“But let your ‘Yes’ be ‘Yes,’ and your ‘No,’ ‘No.’ For whatever is more than these is from the evil one.” Matthew 5:37

There are many ways to communicate, but words communicate the most clearly. Words mean things, except to those who are liars, and that is the meaning of our Lord’s words. Satan “does not stand in the truth, because there is no truth in him. When he speaks a lie, he speaks from his own resources, for he is a liar and the father of it” (John 8:44). Therefore all “modifications” of truth, double-speak, misrepresentations, misleading, and outright lying are signs of an immature, carnal, or unsaved heart.

Our Lord included our text in His Sermon on the Mount.

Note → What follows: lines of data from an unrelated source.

(* Let $\Omega\subset\mathbb{R}^n$ be a bounded open set, let $f:\Omega\to\mathbb{R}$ be a bounded function, and let $\lambda>0$. Define the extensions $f^{-}_{\overline\Omega},f^{+}_{\overline\Omega}:\overline\Omega\to\mathbb{R}$ and $f^{-}_{\mathbb{R}^n},f^{+}_{\mathbb{R}^n}:\mathbb{R}^n\to\mathbb{R}$ by $f^{\pm}_{\overline\Omega}(x)=f(x)$ for $x\in\Omega$, $f^{-}_{\overline\Omega}(x)=\inf_\Omega f$ and $f^{+}_{\overline\Omega}(x)=\sup_\Omega f$ for $x\in\partial\Omega$; $f^{\pm}_{\mathbb{R}^n}(x)=f(x)$ for $x\in\Omega$, $f^{-}_{\mathbb{R}^n}(x)=\inf_\Omega f$ and $f^{+}_{\mathbb{R}^n}(x)=\sup_\Omega f$ for $x\in\mathbb{R}^n\setminus\Omega$. Then for every $x\in\overline\Omega$: $$M_{\lambda,\Omega}(f^{-}_{\overline\Omega})(x)=M_\lambda(f^{-}_{\mathbb{R}^n})(x),\qquad M^{\lambda}_{\Omega}(f^{+}_{\overline\Omega})(x)=M^{\lambda}(f^{+}_{\mathbb{R}^n})(x),$$ $$M^{\lambda}_{\Omega}(M_{\lambda,\Omega}(f^{-}_{\overline\Omega}))(x)=M^{\lambda}(M_{\lambda}(f^{-}_{\mathbb{R}^n}))(x),\qquad M_{\lambda,\Omega}(M^{\lambda}_{\Omega}(f^{+}_{\overline\Omega}))(x)=M_{\lambda}(M^{\lambda}(f^{+}_{\mathbb{R}^n}))(x),$$ and consequently $$C^l_{\lambda,\Omega}(f^{-}_{\overline\Omega})(x)=C^l_\lambda(f^{-}_{\mathbb{R}^n})(x),\qquad C^u_{\lambda,\Omega}(f^{+}_{\overline\Omega})(x)=C^u_\lambda(f^{+}_{\mathbb{R}^n})(x).$$ Moreover, with $O_f=\sup_\Omega f-\inf_\Omega f$: (i) If $x\in\Omega$ satisfies $\mathrm{dist}^2(x,\partial\Omega)>O_f/\lambda$ and $z_x\in\overline\Omega$ satisfies $M_{\lambda,\Omega}(f^{-}_{\overline\Omega})(x)=f^{-}_{\overline\Omega}(z_x)+\lambda|z_x-x|^2$ [respectively $M^{\lambda}_{\Omega}(f^{+}_{\overline\Omega})(x)=f^{+}_{\overline\Omega}(z_x)-\lambda|z_x-x|^2$], then $z_x\in\Omega$. (ii) If $x\in\Omega$ satisfies $\mathrm{dist}^2(x,\partial\Omega)>4O_f/\lambda$ and $z_x\in\overline\Omega$ satisfies $M^{\lambda}_{\Omega}(M_{\lambda,\Omega}(f^{-}_{\overline\Omega}))(x)=M_{\lambda,\Omega}(f^{-}_{\overline\Omega})(z_x)-\lambda|z_x-x|^2$ [respectively $M_{\lambda,\Omega}(M^{\lambda}_{\Omega}(f^{+}_{\overline\Omega}))(x)=M^{\lambda}_{\Omega}(f^{+}_{\overline\Omega})(z_x)+\lambda|z_x-x|^2$], then $z_x\in\Omega$, and any $y_x\in\overline\Omega$ with $M_{\lambda,\Omega}(f^{-}_{\overline\Omega})(z_x)=f^{-}_{\overline\Omega}(y_x)+\lambda|y_x-z_x|^2$ [respectively $M^{\lambda}_{\Omega}(f^{+}_{\overline\Omega})(z_x)=f^{+}_{\overline\Omega}(y_x)-\lambda|y_x-z_x|^2$] satisfies $y_x\in\Omega$.
   Context: For a bounded $g:\mathbb{R}^n\to\mathbb{R}$ and $\lambda>0$, the lower and upper Moreau envelopes are $M_\lambda(g)(x)=\inf_{y\in\mathbb{R}^n}\{g(y)+\lambda|y-x|^2\}$ and $M^\lambda(g)(x)=\sup_{y\in\mathbb{R}^n}\{g(y)-\lambda|y-x|^2\}$. For bounded $g:\overline\Omega\to\mathbb{R}$ and $x\in\overline\Omega$, $M_{\lambda,\Omega}(g)(x)=\inf_{y\in\overline\Omega}\{g(y)+\lambda|y-x|^2\}$ and $M^{\lambda}_{\Omega}(g)(x)=\sup_{y\in\overline\Omega}\{g(y)-\lambda|y-x|^2\}$. $\mathrm{co}[h]$ denotes the convex envelope (largest convex function below $h$). The compensated convex transforms are $C^l_\lambda(g)(x)=\mathrm{co}[g+\lambda|\cdot|^2](x)-\lambda|x|^2$ and $C^u_\lambda(g)(x)=\lambda|x|^2-\mathrm{co}[\lambda|\cdot|^2-g](x)$, and the local ones are $C^l_{\lambda,\Omega}(g)=M^{\lambda}_{\Omega}(M_{\lambda,\Omega}(g))$ and $C^u_{\lambda,\Omega}(g)=M_{\lambda,\Omega}(M^{\lambda}_{\Omega}(g))$ on $\overline\Omega$. $\mathrm{dist}(x,A)=\inf_{y\in A}|x-y|$. *)

theory Defs
  imports "HOL-Analysis.Analysis"
begin

definition Mlow :: "real \<Rightarrow> ('a::real_normed_vector \<Rightarrow> real) \<Rightarrow> 'a \<Rightarrow> real" where
  "Mlow lam g x = (INF y. g y + lam * (norm (y - x))^2)"

definition Mup :: "real \<Rightarrow> ('a::real_normed_vector \<Rightarrow> real) \<Rightarrow> 'a \<Rightarrow> real" where
  "Mup lam g x = (SUP y. g y - lam * (norm (y - x))^2)"

definition MlowOn :: "'a set \<Rightarrow> real \<Rightarrow> ('a::real_normed_vector \<Rightarrow> real) \<Rightarrow> 'a \<Rightarrow> real" where
  "MlowOn S lam g x = (INF y\<in>S. g y + lam * (norm (y - x))^2)"

definition MupOn :: "'a set \<Rightarrow> real \<Rightarrow> ('a::real_normed_vector \<Rightarrow> real) \<Rightarrow> 'a \<Rightarrow> real" where
  "MupOn S lam g x = (SUP y\<in>S. g y - lam * (norm (y - x))^2)"

definition convex_envelope :: "('a::real_vector \<Rightarrow> real) \<Rightarrow> 'a \<Rightarrow> real" where
  "convex_envelope h x = (SUP g\<in>{g. convex_on UNIV g \<and> (\<forall>y. g y \<le> h y)}. g x)"

definition Cl :: "real \<Rightarrow> ('a::real_normed_vector \<Rightarrow> real) \<Rightarrow> 'a \<Rightarrow> real" where
  "Cl lam g x = convex_envelope (\<lambda>y. g y + lam * (norm y)^2) x - lam * (norm x)^2"

definition Cu :: "real \<Rightarrow> ('a::real_normed_vector \<Rightarrow> real) \<Rightarrow> 'a \<Rightarrow> real" where
  "Cu lam g x = lam * (norm x)^2 - convex_envelope (\<lambda>y. lam * (norm y)^2 - g y) x"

He was contrasting the limited teaching of the Pharisees to God’s actual intention in His words. The Pharisees would interpret God’s words, “You shall not swear falsely, but shall perform your oaths to the Lord,” by changing the straightforward meaning and emphasizing only the last three words, narrowing God’s meaning. Their instruction strictly prohibited breaking any oath to the Lord. but they finely distinguished and loosened those principles in one’s dealings with men. Apparently promises to others could be undone by a sort of “crossing your fingers” if you used certain formulas—by heaven, by earth, by Jerusalem, even “by my head.” Our Lord expresses the simplicity of God’s command: “Do not swear at all…let your ‘Yes’ be ‘Yes,’ and your ‘No,’ ‘No.’” Among men, trust cannot thrive without trustworthy words expressing truth (reality). Among believers trustworthiness is a sign of authentic belief.

It might seem strange to build a marriage on words, but essentially that is why vows are exchanged. Sure, vows are exchanged before very much living has been shared. There are decades of living yet to come. Vows are exchanged by two good-willed people who know that it will take a lifetime to really know their spouse. There is a lot riding on each person’s faith and faithfulness. Marriage is sacred for the fact that vows are exchanged before God and before each one’s family. You better mean what you say and say what you mean because God is taking notes! Not only that, without God’s assistance, their marriage will not survive. If each party yields to God’s lordship, they will know the secret of success for a Christian marriage.

A big part of building your marriage on the Lord Jesus Christ is building your personal life on Him. It follows that words give voice to the values of our Lord, and several words are particularly important to the cohesiveness and harmony of a Christian marriage. Testings will come, and a firm grasp on these words, and complete harmony in honoring them, will help the marriage to withstand the onslaughts of life.

The first word to build marriage upon is faith. Faith is simply believing what God says. Saving faith is complete confidence and yielding to Jesus Christ as Lord and Savior. Trusting faith is relying upon biblical doctrine. Living faith is confidently following God’s dictates on a personal level. Faithful living is absolute reliance, obedience, and trust in God’s Word. His Word must be the final arbiter of justice, adjudicator of disputes, a daily source of soul sustenance, and letting God enforce justice (rather than making each other pay) because “’Vengeance is Mine, I will repay,’ says the Lord” (Romans 12:19). When you have vibrant faith, then you will be equipped to be faithful, honest, trustworthy, and noble in your marriage.

The second word is love. There are several Greek words for love: storgo (love between parent and child), eros (passionate fire between lovers), phileo (brotherly love, tender affection, fondness among friends and relatives—John 5:20; 20:2), and agapao (selfless love, the special love characteristic of Christianity, and of God’s love for you in John 3:16). The meaning of agapao is not expressive of a warm feeling like all the preceding words. It is an intelligent, purposeful attitude of esteem and devotion; a selfless, purposeful outgoing attitude that desires to do good to those loved. It analyzes and then chooses the object to be loved. It is not a term wholly given to emotion, but it does involve the whole being—emotions, intellect and will. It is a deliberate, free act that is a decision of the subject rather than the result of unbidden, overpowering emotion. In other words, a marriage will do well when it includes all of these types of love, but it will thrive when each spouse values the other more than himself and selflessly acts and speaks only in his spouse’s best interest. That is God’s kind of love which you need to practice in your marriage. It takes a lot of work and self-control, but it is always worth it (Ephesians 5:28–29).

The third word is respect. Mutual respect is an absolute necessity for any marriage. Though both the husband and the wife are to love and respect each other, Ephesians 5:21–33 places the biggest burden upon the husband to demonstrate agape love by placing his wife’s welfare ahead of his own and by nurturing and cherishing her. It also places the heaviest challenge upon the wife to genuinely respect her husband. The Greek word for respect is phobetai, meaning fear and reverence, veneration, and treating with deference. This is not a quaking kind of terror; it is instead a healthy, thoughtful sense of respect for her man. A woman does extremely well when she does not discredit her man in public and treasures him in her heart.